Le Colombier de Puyvert

Gallimard
Parution
On retrouve dans Le colombier de Puyvert les personnages picaresques méditerranéens chers à Gabriel Audisio, tels qu'on les rencontrait déjà dans Les compagnons de l'Ergador.
Sauveur, chef d'une petite bande de sympathiques aventuriers, les avait menés à travers mille péripéties, des environs de Marseille à la Corse, en passant par les Baléares et l'Algérie.
Dans ce nouveau roman, nos aventuriers vont aller de la Corse à la Grèce, en passant par l'île d'Elbe, Piombino, Naples, Brindisi... Que cherchent-ils donc? Une île. Quelle île? Une île où ils pourront vivre librement, sans contraintes légales. Autant dire une chimère...
Ils s'en apercevront quand ils auront finalement échoué sur le pauvre îIot de Cratéros-Ia-Fenouillère, perdu au fond de l'archipel des Cyclades, après avoir traversé des aventures d'un comique souvent truculent.
Alors le climat du livre se transforme. Sauveur voit se défaire la communauté fraternelle dont il avait rêvé, il voit mourir d'abord le vieux Cuscute, un érudit semble-fou qui représentait peut-être le dernier exemplaire de la fantaisie individualiste. Il voit mourir ensuite sa propre mère, qui représentait la vieille sagesse provençale.
Nous sommes en 1932. Le monde entre dans sa grande division. Des compagnons de Sauveur, les uns vont vers les milices totalitaires, les autres vers la révolution prolétarienne. Et Sauveur reste seul, provisoirement du moins. Il devient l'image même de l'intellectuel qui ne peut pas encore «choisir». Dans une ardente méditation, au creux du colombier de Puyvert déserté des oiseaux (ce colombier existe bel et bien du côté du Luberon), Sauveur cherche passionnément à résoudre ses contradictions, à retrouver cet équilibre propre au génie méditerranéen, qui sauvera peut-être le monde, cette «pensée de midi» comme dit Camus, de « midi-le-juste» comme disait Valéry, qu'Audisio Iui-même a cherchée dans ses essais.
Pourtant la gravité de cet épilogue n'est nullement pessimiste.

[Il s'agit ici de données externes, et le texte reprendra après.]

(* Let $k\ge1$ and $\ell\ge1$. The set $\{n\in A_{2k}:\max\mathcal{CG}(n)=F_{2k+2\ell}\}$ is exactly $\{q(j):F_{2\ell+1}+1\le j\le F_{2\ell+3}\}$; i.e. its elements occupy precisely positions $F_{2\ell+1}+1$ through $F_{2\ell+3}$ (inclusive) in the increasing enumeration of $A_{2k}$.
   Context: Fibonacci numbers: $F_1=F_2=1$, $F_{n+1}=F_n+F_{n-1}$ for $n\ge2$. Chung–Graham decomposition: every positive integer $n$ has a unique representation $n=\sum_{i\ge1}c_iF_{2i}$ with $c_i\in\{0,1,2\}$, only finitely many nonzero, such that whenever $c_i=c_j=2$ with $i<j$ there is $k$ with $i<k<j$ and $c_k=0$. Let $\mathcal{CG}(n)$ be the set of $F_{2i}$ with $c_i\neq0$. For $k\ge1$, $A_{2k}=\{n\ge1:\min\mathcal{CG}(n)=F_{2k}\}$, and $q(1)<q(2)<q(3)<\cdots$ denote the elements of $A_{2k}$ listed in increasing order. *)

theory Defs
  imports Main "HOL-Number_Theory.Fib" "HOL-Library.Infinite_Set"
begin

text \<open>Fibonacci numbers: fib 1 = fib 2 = 1 (library function fib).\<close>

definition cg_rep :: "nat \<Rightarrow> (nat \<Rightarrow> nat) \<Rightarrow> bool" where
  "cg_rep n c \<longleftrightarrow>
     (\<forall>i. c i \<le> 2) \<and> c 0 = 0 \<and> finite {i. c i \<noteq> 0} \<and>
     n = (\<Sum>i\<in>{i. c i \<noteq> 0}. c i * fib (2 * i)) \<and>
     (\<forall>i j. 1 \<le> i \<longrightarrow> i < j \<longrightarrow> c i = 2 \<longrightarrow> c j = 2 \<longrightarrow>
        (\<exists>m. i < m \<and> m < j \<and> c m = 0))"

definition cg_digits :: "nat \<Rightarrow> nat \<Rightarrow> nat" where
  "cg_digits n = (THE c. cg_rep n c)"

definition CG :: "nat \<Rightarrow> nat set" where
  "CG n = {fib (2 * i) | i. i \<ge> 1 \<and> cg_digits n i \<noteq> 0}"

definition A2k :: "nat \<Rightarrow> nat set" where
  "A2k k = {n. n \<ge> 1 \<and> Min (CG n) = fib (2 * k)}"

text \<open>q k j: the j-th element (1-indexed) of A_{2k} in increasing order.\<close>
definition q :: "nat \<Rightarrow> nat \<Rightarrow> nat" where
  "q k j = enumerate (A2k k) (j - 1)"

end

theory Submission
  imports Defs
begin

text \<open>
  Appending the digit 1 at position \<open>p + 1\<close> to the Chung--Graham digits of \<open>r < F(2p+2)\<close>, or the
  digit 2 when \<open>r < F(2p+1)\<close>, gives the digits of \<open>r + F(2p+2)\<close> resp. \<open>r + 2 F(2p+2)\<close>; these
  numbers fill \<open>[F(2p+2), F(2p+4))\<close>, and their CG set is that of \<open>r\<close> plus \<open>F(2p+2)\<close>. For
  \<open>p \<ge> k\<close> this does not change the minimum, so the number \<open>N(x)\<close> of elements of \<open>A\<^sub>2\<^sub>k\<close>
  below \<open>x\<close> satisfies \<open>N(F(2p+3)) = N(F(2p+2)) + N(F(2p+1))\<close> and
  \<open>N(F(2p+4)) = 2 N(F(2p+2)) + N(F(2p+1))\<close>. From \<open>N(F(2k+1)) = 1\<close> and \<open>N(F(2k+2)) = 2\<close> this
  yields \<open>N(F(2k+2l)) = F(2l+1)\<close> and \<open>N(F(2k+2l+2)) = F(2l+3)\<close>. Since \<open>max CG(n) = F(2m)\<close>
  exactly when \<open>F(2m) \<le> n < F(2m+2)\<close>, the numbers in question are the elements of \<open>A\<^sub>2\<^sub>k\<close>
  in \<open>[F(2k+2l), F(2k+2l+2))\<close>, i.e. those of rank \<open>F(2l+1) + 1, \<dots>, F(2l+3)\<close>.
\<close>

subsection \<open>Even-indexed Fibonacci numbers\<close>

lemma fib_even_less:
  assumes "1 \<le> i" "i < j"
  shows "fib (2 * i) < fib (2 * j)"
proof -
  obtain j' where j: "j = Suc j'" using assms by (cases j) auto
  have "fib (2 * i) \<le> fib (2 * j' + 1)" using assms j by (intro fib_mono) simp
  also have "\<dots> < fib (2 * j' + 1) + fib (2 * j')" using assms j by (simp add: fib_neq_0_nat)
  also have "\<dots> = fib (2 * j)" using j by simp
  finally show ?thesis .
qed

lemma less_fib_even: "n < fib (2 * n + 2)"
proof (induction n)
  case (Suc n)
  have "fib (2 * n + 2) < fib (2 * Suc n + 2)" using fib_even_less[of "Suc n" "Suc (Suc n)"] by simp
  with Suc show ?case by simp
qed simp

lemma fib_even_inj:
  assumes "1 \<le> i" "1 \<le> j" "fib (2 * i) = fib (2 * j)"
  shows "i = j"
  using fib_even_less[of i j] fib_even_less[of j i] assms by (cases i j rule: linorder_cases) auto

lemma fib_even_interval:
  assumes "1 \<le> n"
  obtains m where "1 \<le> m" "fib (2 * m) \<le> n" "n < fib (2 * m + 2)"
proof -
  define m where "m = (LEAST m. n < fib (2 * m + 2))"
  have lt: "n < fib (2 * m + 2)" unfolding m_def by (rule LeastI[of _ n]) (rule less_fib_even)
  have "m \<noteq> 0" using lt assms by (intro notI) simp
  then obtain p where p: "m = Suc p" by (cases m) auto
  have "\<not> n < fib (2 * p + 2)" using not_less_Least[of p "\<lambda>m. n < fib (2 * m + 2)"] p
    unfolding m_def by simp
  then have ge: "fib (2 * m) \<le> n" using p by simp
  show ?thesis by (rule that[OF _ ge lt]) (simp add: p)
qed

subsection \<open>Chung--Graham digit strings\<close>

definition cg_valid :: "(nat \<Rightarrow> nat) \<Rightarrow> bool" where
  "cg_valid c \<longleftrightarrow> (\<forall>i. c i \<le> 2) \<and>
     (\<forall>i j. 1 \<le> i \<longrightarrow> i < j \<longrightarrow> c i = 2 \<longrightarrow> c j = 2 \<longrightarrow> (\<exists>t. i < t \<and> t < j \<and> c t = 0))"

definition cg_supported :: "(nat \<Rightarrow> nat) \<Rightarrow> nat \<Rightarrow> bool" where
  "cg_supported c m \<longleftrightarrow> c 0 = 0 \<and> (\<forall>i>m. c i = 0)"

text \<open>Every 2 among the digits \<open>1..m\<close> is followed by a 0 at a position \<open>\<le> m\<close>: a digit 2 may then
  be placed at position \<open>m + 1\<close>, and the value stays below \<open>F(2m+1)\<close>.\<close>

definition cg_free :: "(nat \<Rightarrow> nat) \<Rightarrow> nat \<Rightarrow> bool" where
  "cg_free c m \<longleftrightarrow> (\<forall>i. 1 \<le> i \<longrightarrow> i \<le> m \<longrightarrow> c i = 2 \<longrightarrow> (\<exists>t. i < t \<and> t \<le> m \<and> c t = 0))"

definition cg_value :: "(nat \<Rightarrow> nat) \<Rightarrow> nat \<Rightarrow> nat" where
  "cg_value c m = (\<Sum>i = 1..m. c i * fib (2 * i))"

lemma cg_supported_nonzero: "cg_supported c p \<Longrightarrow> c i \<noteq> 0 \<Longrightarrow> 0 < i \<and> i \<le> p"
  unfolding cg_supported_def by (metis gr0I not_le)

lemma cg_supported_mono: "cg_supported c m \<Longrightarrow> m \<le> m' \<Longrightarrow> cg_supported c m'"
  by (simp add: cg_supported_def)

lemma cg_supported_upd: "cg_supported c p \<Longrightarrow> cg_supported (c(Suc p := x)) (Suc p)"
  by (simp add: cg_supported_def)

lemma cg_value_0 [simp]: "cg_value c 0 = 0"
  by (simp add: cg_value_def)

lemma cg_value_Suc: "cg_value c (Suc m) = cg_value c m + c (Suc m) * fib (2 * m + 2)"
  by (simp add: cg_value_def)

lemma cg_value_upd:
  assumes "cg_supported c p"
  shows "cg_value (c(Suc p := x)) (Suc p) = cg_value c p + x * fib (2 * p + 2)"
proof -
  have "cg_value (c(Suc p := x)) p = cg_value c p" unfolding cg_value_def by (intro sum.cong) simp_all
  then show ?thesis by (simp add: cg_value_Suc)
qed

lemma cg_free_if_Suc_nonzero: "cg_free c (Suc m) \<Longrightarrow> c (Suc m) \<noteq> 0 \<Longrightarrow> cg_free c m"
  unfolding cg_free_def by (metis le_Suc_eq le_SucI)

lemma cg_free_if_Suc_two: "cg_valid c \<Longrightarrow> c (Suc m) = 2 \<Longrightarrow> cg_free c m"
  unfolding cg_free_def cg_valid_def by (metis less_Suc_eq_le le_imp_less_Suc)

lemma cg_free_Suc:
  assumes "cg_supported c p"
  shows "cg_free c (Suc p)"
  unfolding cg_free_def
proof (intro allI impI)
  fix i assume "1 \<le> i" "i \<le> Suc p" "c i = 2"
  then have "i < Suc p" using cg_supported_nonzero[OF assms, of i] by simp
  moreover have "c (Suc p) = 0" using assms by (simp add: cg_supported_def)
  ultimately show "\<exists>t. i < t \<and> t \<le> Suc p \<and> c t = 0" by blast
qed

lemma cg_free_upd_1:
  assumes "cg_free c p"
  shows "cg_free (c(Suc p := 1)) (Suc p)"
  unfolding cg_free_def
proof (intro allI impI)
  fix i assume i: "1 \<le> i" "i \<le> Suc p" "(c(Suc p := 1)) i = 2"
  then have "i \<le> p" "c i = 2" by (simp_all split: if_splits)
  then obtain t where t: "i < t" "t \<le> p" "c t = 0" using assms i(1) unfolding cg_free_def by blast
  then have "(c(Suc p := 1)) t = 0" by simp
  with t show "\<exists>t. i < t \<and> t \<le> Suc p \<and> (c(Suc p := 1)) t = 0" by (meson le_SucI)
qed

lemma cg_valid_upd_1:
  assumes "cg_valid c" "cg_supported c p"
  shows "cg_valid (c(Suc p := 1))"
  unfolding cg_valid_def
proof (intro conjI allI impI)
  fix i show "(c(Suc p := 1)) i \<le> 2" using assms(1) by (simp add: cg_valid_def)
next
  fix i j assume ij: "1 \<le> i" "i < j" "(c(Suc p := 1)) i = 2" "(c(Suc p := 1)) j = 2"
  then have ci: "c i = 2" and cj: "c j = 2" by (auto split: if_splits)
  then have "j \<le> p" using cg_supported_nonzero[OF assms(2), of j] by simp
  obtain t where t: "i < t" "t < j" "c t = 0"
    using assms(1) ij(1,2) ci cj unfolding cg_valid_def by blast
  then have "(c(Suc p := 1)) t = 0" using \<open>j \<le> p\<close> by simp
  with t show "\<exists>t. i < t \<and> t < j \<and> (c(Suc p := 1)) t = 0" by blast
qed

lemma cg_valid_upd_2:
  assumes "cg_valid c" "cg_supported c p" "cg_free c p"
  shows "cg_valid (c(Suc p := 2))"
  unfolding cg_valid_def
proof (intro conjI allI impI)
  fix i show "(c(Suc p := 2)) i \<le> 2" using assms(1) by (simp add: cg_valid_def)
next
  fix i j assume ij: "1 \<le> i" "i < j" "(c(Suc p := 2)) i = 2" "(c(Suc p := 2)) j = 2"
  have "j \<le> Suc p"
    using ij(4) cg_supported_nonzero[OF assms(2), of j] by (cases "j = Suc p") simp_all
  then have "i \<le> p" "c i = 2" using ij(2,3) by (simp_all split: if_splits)
  obtain t where t: "i < t" "t < j" "c t = 0"
  proof (cases "j = Suc p")
    case True
    then show ?thesis using that assms(3) ij(1) \<open>i \<le> p\<close> \<open>c i = 2\<close>
      unfolding cg_free_def by (meson le_imp_less_Suc)
  next
    case False
    then have "c j = 2" using ij(4) by simp
    then show ?thesis using that assms(1) ij(1,2) \<open>c i = 2\<close> unfolding cg_valid_def by blast
  qed
  then have "(c(Suc p := 2)) t = 0" using \<open>j \<le> Suc p\<close> by simp
  with t show "\<exists>t. i < t \<and> t < j \<and> (c(Suc p := 2)) t = 0" by blast
qed

lemma cg_value_less:
  assumes "cg_valid c"
  shows "cg_value c m < fib (2 * m + 2) \<and> (cg_free c m \<longrightarrow> cg_value c m < fib (2 * m + 1))"
proof (induction m)
  case (Suc m)
  let ?F = "fib (2 * m + 2)"
  have fib_odd: "fib (2 * Suc m + 1) = fib (2 * m + 1) + ?F" by simp
  have fib_even: "fib (2 * Suc m + 2) = fib (2 * m + 1) + 2 * ?F" by simp
  have "fib (2 * m + 1) \<le> ?F" by (simp add: fib_mono)
  have "c (Suc m) \<le> 2" using assms by (simp add: cg_valid_def)
  then consider "c (Suc m) = 0" | "c (Suc m) = 1" | "c (Suc m) = 2" by linarith
  then show ?case
  proof cases
    case 1
    then have "cg_value c (Suc m) = cg_value c m" by (simp add: cg_value_Suc)
    then show ?thesis using Suc fib_odd fib_even by linarith
  next
    case 2
    then have v: "cg_value c (Suc m) = cg_value c m + ?F" by (simp add: cg_value_Suc)
    have "cg_free c (Suc m) \<longrightarrow> cg_value c m < fib (2 * m + 1)"
      using Suc cg_free_if_Suc_nonzero 2 by simp
    then show ?thesis using Suc v fib_odd fib_even \<open>fib (2 * m + 1) \<le> ?F\<close> by linarith
  next
    case 3
    then have v: "cg_value c (Suc m) = cg_value c m + 2 * ?F" by (simp add: cg_value_Suc)
    have "\<not> cg_free c (Suc m)" using 3 by (auto simp: cg_free_def)
    moreover have "cg_value c m < fib (2 * m + 1)" using Suc cg_free_if_Suc_two[OF assms 3] by simp
    ultimately show ?thesis using v fib_even by linarith
  qed
qed simp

La confiance en l'homme demeure intacte. Nul doute qu'à l'heure de la vérité, Sauveur sera «du côté de l'homme»... Et les lecteurs seront sans doute sensibles au ton de cet ouvrage, qui, indifférent à la mode, mêle le rire le plus franc aux chagrins les plus purs, et qui fait preuve, au total, d'une excellente santé morale.